- Task details:
What is needed is an exact copy of the lines in the listing below, from the one with "L. \<forall>u\<in>carrier_vec d. 0" up to and including the one with "density d (\<rho>", with no other lines.
###
section \<open>The edge criterion\<close>

lemma uniform_domination_constant:
  fixes f :: "'u \<Rightarrow> real" and g :: "'i \<Rightarrow> 'u \<Rightarrow> real"
  assumes "finite I" and bound: "\<forall>i\<in>I. \<exists>K. \<forall>u\<in>U. f u \<le> K * g i u"
    and g: "\<forall>i\<in>I. \<forall>u\<in>U. 0 \<le> g i u"
  shows "\<exists>\<epsilon>>0. \<epsilon> < 1 \<and> (\<forall>i\<in>I. \<forall>u\<in>U. \<epsilon> * f u \<le> g i u)"
proof -
  obtain K where K: "\<forall>i\<in>I. \<forall>u\<in>U. f u \<le> K i * g i u"
    using bound by metis
  define C where "C = 2 + (\<Sum>i\<in>I. \<bar>K i\<bar>)"
  have C: "2 \<le> C" by (simp add: C_def sum_nonneg)
  have "1 / C * f u \<le> g i u" if "i \<in> I" "u \<in> U" for i u
  proof -
    have "\<bar>K i\<bar> \<le> C"
      using \<open>finite I\<close> that(1) member_le_sum[of i I "\<lambda>i. \<bar>K i\<bar>"] by (simp add: C_def)
    then have "\<bar>K i\<bar> * g i u \<le> C * g i u"
      using g that by (simp add: mult_right_mono)
    moreover have "f u \<le> \<bar>K i\<bar> * g i u"
      using K g that by (meson abs_ge_self mult_right_mono order_trans)
    ultimately show ?thesis
      using C by (simp add: field_simps)
  qed
  moreover have "0 < 1 / C" "1 / C < 1" using C by simp_all
  ultimately show ?thesis by blast
qed

lemma common_fixed_vector_imp_not_on_edge:
  assumes X: "\<forall>i<n. 1 \<le> X i" and \<sigma>: "no_signaling n A X d \<sigma>"
    and R: "\<forall>a\<in>tuples n A. \<forall>x\<in>tuples n X. is_orth_proj_onto d (R a x) (mat_image (\<sigma> a x))"
    and L: "L \<in> local_boxes n A X"
    and \<psi>: "\<psi> \<in> carrier_vec d" "\<psi> \<noteq> 0\<^sub>v d" and fixed: "\<forall>(a, x)\<in>I_L n A X L. R a x *\<^sub>v \<psi> = \<psi>"
  shows "\<not> on_edge n A X d \<sigma>"
proof -
  have psd_\<sigma>: "psd d (\<sigma> a x)" if "a \<in> tuples n A" "x \<in> tuples n X" for a x
    using \<sigma> that by (auto simp: no_signaling_def)
  have qform_\<sigma>: "0 \<le> qform (\<sigma> a x) u"
    if "a \<in> tuples n A" "x \<in> tuples n X" "u \<in> carrier_vec d" for a x u
    using psdD(3)[OF psd_\<sigma>[OF that(1,2)] that(3)] .
  obtain P where P: "density d P"
    and qform_P: "\<And>u. u \<in> carrier_vec d \<Longrightarrow> qform P u = (cmod (u \<bullet>c \<psi>))\<^sup>2 / Re (\<psi> \<bullet>c \<psi>)"
    using density_of_vector[OF \<psi>] by blast
  have "0 < Re (\<psi> \<bullet>c \<psi>)"
    using cscalar_prod_self_le_0_iff[OF \<psi>(1)] \<psi>(2) by simp
  have bound: "\<forall>ax\<in>I_L n A X L. \<exists>K. \<forall>u\<in>carrier_vec d. qform P u \<le> K * qform (\<sigma> (fst ax) (snd ax)) u"
  proof
    fix ax assume "ax \<in> I_L n A X L"
    moreover obtain a x where a_x: "ax = (a, x)" by force
    ultimately have ax: "(a, x) \<in> I_L n A X L" by simp
    have t: "a \<in> tuples n A" "x \<in> tuples n X" using ax by (auto simp: I_L_def)
    then have "\<psi> \<in> mat_image (\<sigma> a x)"
      using R orth_proj_fixed_iff_image[OF _ \<psi>(1)] fixed ax by (fastforce simp: is_orth_proj_onto_iff)
    then obtain \<beta> where "\<forall>u\<in>carrier_vec d. (cmod (u \<bullet>c \<psi>))\<^sup>2 \<le> \<beta> * qform (\<sigma> a x) u"
      using psd_image_bound[OF psd_\<sigma>[OF t]] by blast
    then have "\<forall>u\<in>carrier_vec d. qform P u \<le> \<beta> / Re (\<psi> \<bullet>c \<psi>) * qform (\<sigma> a x) u"
      using qform_P \<open>0 < Re (\<psi> \<bullet>c \<psi>)\<close> by (simp add: divide_right_mono)
    then show "\<exists>K. \<forall>u\<in>carrier_vec d. qform P u \<le> K * qform (\<sigma> (fst ax) (snd ax)) u"
      unfolding a_x fst_conv snd_conv by blast
  qed
  have nonneg: "\<forall>ax\<in>I_L n A X L. \<forall>u\<in>carrier_vec d. 0 \<le> qform (\<sigma> (fst ax) (snd ax)) u"
    using qform_\<sigma> by (auto simp: I_L_def)
  obtain \<epsilon> where \<epsilon>: "0 < \<epsilon>" "\<epsilon> < 1"
    and dom_I_L: "\<forall>ax\<in>I_L n A X L. \<forall>u\<in>carrier_vec d. \<epsilon> * qform P u \<le> qform (\<sigma> (fst ax) (snd ax)) u"
    using uniform_domination_constant[OF finite_I_L bound nonneg] by blast
  have "\<epsilon> * qform (box_assemblage n A X d L P a x) u \<le> qform (\<sigma> a x) u"
    if "a \<in> tuples n A" "x \<in> tuples n X" "u \<in> carrier_vec d" for a x u
    using dom_I_L that qform_\<sigma> by (fastforce simp: box_assemblage_def qform_zero)
  then show ?thesis
    using not_on_edge_if_dominates[OF \<sigma> has_LHS_box_assemblage[OF L P] no_signaling_box_assemblage[OF L P]
        replicate_0_in_tuples[OF X] \<epsilon>] by blast
qed

lemma exists_pos_of_sum_eq_1:
  fixes f :: "'a \<Rightarrow> real"
  assumes "\<forall>k\<in>S. 0 \<le> f k" "sum f S = 1"
  shows "\<exists>k\<in>S. 0 < f k"
  using assms by (metis less_eq_real_def sum.neutral zero_neq_one)

lemma has_LHS_dominates_box:
  assumes "has_LHS n A X d \<sigma>"
  shows "\<exists>L\<in>local_boxes n A X. \<exists>\<rho>. density d \<rho> \<and>
    (\<forall>(a, x)\<in>I_L n A X L. \<exists>c>0. \<forall>u\<in>carrier_vec d. c * qform \<rho> u \<le> qform (\<sigma> a x) u)"
proof -
  obtain m and q :: "nat \<Rightarrow> real" and p :: "nat \<Rightarrow> nat \<Rightarrow> nat \<Rightarrow> nat \<Rightarrow> real" and \<rho> where
    q: "\<forall>j<m. 0 \<le> q j" "(\<Sum>j<m. q j) = 1" and \<rho>: "\<forall>j<m. density d (\<rho> j)"
    and p: "\<forall>j<m. \<forall>i<n. \<forall>x<X i. (\<forall>a<A i. 0 \<le> p j i a x) \<and> (\<Sum>a<A i. p j i a x) = 1"
    and \<sigma>: "\<forall>a\<in>tuples n A. \<forall>x\<in>tuples n X.
      \<sigma> a x = msum d {..<m} (\<lambda>j. complex_of_real (q j * (\<Prod>i<n. p j i (a ! i) (x ! i))) \<cdot>\<^sub>m \<rho> j)"
    using assms unfolding has_LHS_def by blast
  obtain j where j: "j < m" "0 < q j"
    using exists_pos_of_sum_eq_1[of "{..<m}" q] q by auto
  have "\<forall>i x. \<exists>a. i < n \<and> x < X i \<longrightarrow> a < A i \<and> 0 < p j i a x"
    using exists_pos_of_sum_eq_1[of "{..<A _}"] p j(1) by (metis lessThan_iff)
  then obtain f where f: "\<And>i x. i < n \<Longrightarrow> x < X i \<Longrightarrow> f i x < A i \<and> 0 < p j i (f i x) x"
    by metis
  \<comment> \<open>The box picks outcomes to which the hidden state \<open>j\<close> gives positive probability.\<close>
  define L where "L = map (\<lambda>i. map (f i) [0..<X i]) [0..<n]"
  have L: "L \<in> local_boxes n A X"
    using f by (auto simp: L_def local_boxes_def)
  have "\<exists>c>0. \<forall>u\<in>carrier_vec d. c * qform (\<rho> j) u \<le> qform (\<sigma> a x) u"
    if ax: "(a, x) \<in> I_L n A X L" for a x
  proof -
    have t: "a \<in> tuples n A" "x \<in> tuples n X" using ax by (auto simp: I_L_def)
    define w where "w k = q k * (\<Prod>i<n. p k i (a ! i) (x ! i))" for k
    have "a ! i = f i (x ! i)" "x ! i < X i" if "i < n" for i
      using ax that by (auto simp: I_L_def L_def tuples_def)
    then have "0 < w j"
      using f j by (auto simp: w_def intro!: mult_pos_pos prod_pos)
    moreover have "w j * qform (\<rho> j) u \<le> qform (\<sigma> a x) u" if "u \<in> carrier_vec d" for u
    proof -
      have "\<forall>k\<in>{..<m}. 0 \<le> w k \<and> psd d (\<rho> k)"
        using q(1) p t \<rho> by (auto simp: w_def tuples_def density_def intro!: mult_nonneg_nonneg prod_nonneg)
      moreover have "msum d {..<m} (\<lambda>k. complex_of_real (w k) \<cdot>\<^sub>m \<rho> k) = \<sigma> a x"
        unfolding w_def using \<sigma> t by simp
      ultimately show ?thesis
        using qform_msum_ge_term[of "{..<m}" j w d \<rho> u] j(1) that by simp
    qed
    ultimately show ?thesis by blast
  qed
  then show ?thesis
    using L \<rho> j(1) by blast
qed

lemma not_on_edge_imp_common_fixed_vector:
  assumes \<sigma>: "no_signaling n A X d \<sigma>"
    and R: "\<forall>a\<in>tuples n A. \<forall>x\<in>tuples n X. is_orth_proj_onto d (R a x) (mat_image (\<sigma> a x))"
    and "\<not> on_edge n A X d \<sigma>"
  shows "\<exists>L\<in>local_boxes n A X. \<exists>\<psi>\<in>carrier_vec d. \<psi> \<noteq> 0\<^sub>v d \<and> (\<forall>(a, x)\<in>I_L n A X L. R a x *\<^sub>v \<psi> = \<psi>)"
proof -
  obtain \<epsilon> \<sigma>1 \<sigma>2 where \<epsilon>: "0 < \<epsilon>" "\<epsilon> \<le> 1" and \<sigma>1: "has_LHS n A X d \<sigma>1"
    and \<sigma>2: "no_signaling n A X d \<sigma>2"
    and split: "\<forall>a\<in>tuples n A. \<forall>x\<in>tuples n X.
      \<sigma> a x = complex_of_real \<epsilon> \<cdot>\<^sub>m \<sigma>1 a x + complex_of_real (1 - \<epsilon>) \<cdot>\<^sub>m \<sigma>2 a x"
    using assms(3) unfolding on_edge_def by force
  obtain L \<rho> where L: "L \<in> local_boxes n A X" and \<rho>: "density d \<rho>"
    and dom: "\<forall>(a, x)\<in>I_L n A X L. \<exists>c>0. \<forall>u\<in>carrier_vec d. c * qform \<rho> u \<le> qform (\<sigma>1 a x) u"
    using has_LHS_dominates_box[OF \<sigma>1] by blast
  obtain e where e: "e \<in> carrier_vec d" "\<rho> *\<^sub>v e \<noteq> 0\<^sub>v d"
    using density_image_nonzero[OF \<rho>] by blast
  have fixed: "R a x *\<^sub>v (\<rho> *\<^sub>v e) = \<rho> *\<^sub>v e" if ax: "(a, x) \<in> I_L n A X L" for a x
  proof -
    have t: "a \<in> tuples n A" "x \<in> tuples n X" using ax by (auto simp: I_L_def)
    obtain c where "0 < c" and c: "\<forall>u\<in>carrier_vec d. c * qform \<rho> u \<le> qform (\<sigma>1 a x) u"
      using dom ax by blast
    have psd: "psd d (\<sigma> a x)" "psd d (\<sigma>2 a x)" using \<sigma> \<sigma>2 t by (auto simp: no_signaling_def)
    have \<sigma>1_car: "\<sigma>1 a x \<in> carrier_mat d d"
      using \<sigma>1 t by (auto simp: has_LHS_def)
    have "\<epsilon> * c * qform \<rho> u \<le> qform (\<sigma> a x) u" if u: "u \<in> carrier_vec d" for u
    proof -
      have "qform (\<sigma> a x) u = \<epsilon> * qform (\<sigma>1 a x) u + (1 - \<epsilon>) * qform (\<sigma>2 a x) u"
        using split t u \<sigma>1_car psdD(1)[OF psd(2)]
        by (simp add: qform_add[of _ d] qform_smult[of _ d] del: of_real_diff)
      moreover have "0 \<le> (1 - \<epsilon>) * qform (\<sigma>2 a x) u"
        using psdD(3)[OF psd(2) u] \<epsilon>(2) by simp
      ultimately show ?thesis
        using c u \<epsilon>(1) by (auto simp: mult.assoc intro: order_trans[OF mult_left_mono])
    qed
    moreover have "orth_proj d (R a x)" "mat_image (R a x) = mat_image (\<sigma> a x)"
      using R t by (auto simp: is_orth_proj_onto_iff)
    moreover have "psd d \<rho>" "0 < \<epsilon> * c"
      using \<rho> \<epsilon>(1) \<open>0 < c\<close> by (simp_all add: density_def)
    ultimately show ?thesis
      using dominated_image_fixed[OF _ _ psd(1)] e(1) by blast
  qed
  moreover have "\<rho> *\<^sub>v e \<in> carrier_vec d"
    using \<rho> e(1) by (auto simp: density_def psd_def)
  ultimately show ?thesis
    using L e(2) by blast
qed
###
- Task answer:
  have nonneg: "\<forall>ax\<in>I_L n A X L. \<forall>u\<in>carrier_vec d. 0 \<le> qform (\<sigma> (fst ax) (snd ax)) u"
    using qform_\<sigma> by (auto simp: I_L_def)
  obtain \<epsilon> where \<epsilon>: "0 < \<epsilon>" "\<epsilon> < 1"
    and dom_I_L: "\<forall>ax\<in>I_L n A X L. \<forall>u\<in>carrier_vec d. \<epsilon> * qform P u \<le> qform (\<sigma> (fst ax) (snd ax)) u"
    using uniform_domination_constant[OF finite_I_L bound nonneg] by blast
  have "\<epsilon> * qform (box_assemblage n A X d L P a x) u \<le> qform (\<sigma> a x) u"
    if "a \<in> tuples n A" "x \<in> tuples n X" "u \<in> carrier_vec d" for a x u
    using dom_I_L that qform_\<sigma> by (fastforce simp: box_assemblage_def qform_zero)
  then show ?thesis
    using not_on_edge_if_dominates[OF \<sigma> has_LHS_box_assemblage[OF L P] no_signaling_box_assemblage[OF L P]
        replicate_0_in_tuples[OF X] \<epsilon>] by blast
qed

lemma exists_pos_of_sum_eq_1:
  fixes f :: "'a \<Rightarrow> real"
  assumes "\<forall>k\<in>S. 0 \<le> f k" "sum f S = 1"
  shows "\<exists>k\<in>S. 0 < f k"
  using assms by (metis less_eq_real_def sum.neutral zero_neq_one)

lemma has_LHS_dominates_box:
  assumes "has_LHS n A X d \<sigma>"
  shows "\<exists>L\<in>local_boxes n A X. \<exists>\<rho>. density d \<rho> \<and>
    (\<forall>(a, x)\<in>I_L n A X L. \<exists>c>0. \<forall>u\<in>carrier_vec d. c * qform \<rho> u \<le> qform (\<sigma> a x) u)"
proof -
  obtain m and q :: "nat \<Rightarrow> real" and p :: "nat \<Rightarrow> nat \<Rightarrow> nat \<Rightarrow> nat \<Rightarrow> real" and \<rho> where
    q: "\<forall>j<m. 0 \<le> q j" "(\<Sum>j<m. q j) = 1" and \<rho>: "\<forall>j<m. density d (\<rho> j)"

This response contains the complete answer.